Now, a pill may be less invasive than an enema, but you can't deny that this is still the eating of crap sanctioned by the medical profession. In fact, I can already see how the next Thanksgiving would go at my house if this happened to one of us. Right after filling our plates, I would lean over to my brother and whisper, "Remember that time you ate my sh*t?"

 Nevertheless, they are seeing great success with this new product.
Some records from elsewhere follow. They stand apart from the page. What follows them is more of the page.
lemma transports_descents_adjacent_swap:
  assumes "sum_list (g1 @ a # b # g2) = n"
  shows "transports_descents n (block_swap (sum_list g1) b a)
           (SetC (g1 @ a # b # g2)) (SetC (g1 @ b # a # g2))"
proof -
  let ?s = "block_swap (sum_list g1) b a" and ?t = "block_swap (sum_list g1) a b"
  have swapped: "sum_list (g1 @ b # a # g2) = n" using assms by simp
  have s_Sym: "?s \<in> Sym n" and t_Sym: "?t \<in> Sym n"
    using assms by (auto intro!: block_swap_in_Sym)
  have "Des n w \<subseteq> SetC (g1 @ a # b # g2) \<longleftrightarrow> Des n (w \<circ> ?s) \<subseteq> SetC (g1 @ b # a # g2)" for w
  proof
    assume "Des n w \<subseteq> SetC (g1 @ a # b # g2)"
    then show "Des n (w \<circ> ?s) \<subseteq> SetC (g1 @ b # a # g2)"
      using Des_comp_subset[OF s_Sym] block_swap_respects_parts[OF swapped] by blast
  next
    assume "Des n (w \<circ> ?s) \<subseteq> SetC (g1 @ b # a # g2)"
    then have "Des n (w \<circ> ?s \<circ> ?t) \<subseteq> SetC (g1 @ a # b # g2)"
      using Des_comp_subset[OF t_Sym] block_swap_respects_parts[OF assms] by blast
    moreover have "w \<circ> ?s \<circ> ?t = w" by (simp add: fun_eq_iff)
    ultimately show "Des n w \<subseteq> SetC (g1 @ a # b # g2)" by simp
  qed
  with s_Sym show ?thesis unfolding transports_descents_def by blast
qed

lemma relates_by_adjacent_swaps:
  assumes "mset xs = mset ys"
    and R_refl: "\<And>zs. R zs zs"
    and R_trans: "\<And>xs ys zs. R xs ys \<Longrightarrow> R ys zs \<Longrightarrow> R xs zs"
    and R_swap: "\<And>us a b vs. R (us @ a # b # vs) (us @ b # a # vs)"
  shows "R xs ys"
proof -
  have move: "R (us @ a # vs @ ws) (us @ vs @ a # ws)" for us a vs ws
  proof (induction vs arbitrary: us)
    case (Cons b vs)
    have "R ((us @ [b]) @ a # vs @ ws) ((us @ [b]) @ vs @ a # ws)" by (rule Cons.IH)
    then show ?case using R_swap[of us a b "vs @ ws"] R_trans by auto
  qed (simp add: R_refl)
  have "R (us @ xs) (us @ ys)" if "mset xs = mset ys" for us
    using that
  proof (induction xs arbitrary: us ys)
    case (Cons a xs)
    then obtain vs ws where ys: "ys = vs @ a # ws"
      by (metis list.set_intros(1) set_mset_mset split_list)
    with Cons.prems have "mset xs = mset (vs @ ws)" by simp
    then have "R ((us @ [a]) @ xs) ((us @ [a]) @ vs @ ws)" by (rule Cons.IH)
    with move[of us a vs ws] show ?case using R_trans ys by auto
  qed (simp add: R_refl)
  from this[of "[]"] assms(1) show ?thesis by simp
qed

lemma transports_descents_mset_eq:
  assumes "mset \<alpha> = mset \<beta>" "sum_list \<alpha> = n"
  shows "\<exists>s. transports_descents n s (SetC \<alpha>) (SetC \<beta>)"
proof -
  \<comment> \<open>The sum is carried along to make the relation transitive.\<close>
  let ?R = "\<lambda>xs ys. sum_list xs = n \<longrightarrow>
              sum_list ys = n \<and> (\<exists>s. transports_descents n s (SetC xs) (SetC ys))"
  have "?R \<alpha> \<beta>"
  proof (rule relates_by_adjacent_swaps[of \<alpha> \<beta> ?R])
    show "?R zs zs" for zs using transports_descents_id by blast
    show "?R xs zs" if "?R xs ys" "?R ys zs" for xs ys zs
      using that transports_descents_trans by blast
    show "?R (us @ a # b # vs) (us @ b # a # vs)" for us a b vs
      using transports_descents_adjacent_swap[of us a b vs n] by auto
  qed (rule assms(1))
  with assms(2) show ?thesis by blast
qed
Since it looks like this just may be the intestinal infection treatment of the future, it only stands to reason that the price of crap is about to increase. I haven't been able to find any crap investments to buy into, but I do have plenty I could sell and I make more all the time.

When I was in college, I used to donate plasma. They gave me $25 every time, but I could only do this once every six weeks. If someone established a donor center to accept Fecal Donations and paid the same rate, I could make a deposit every day. That's $750 a month! That would pay my rent and my power bill! A family of four could make enough money that no one would have to work. Or at the very least, their crap donations might be enough to supplement their Obamacare health plan.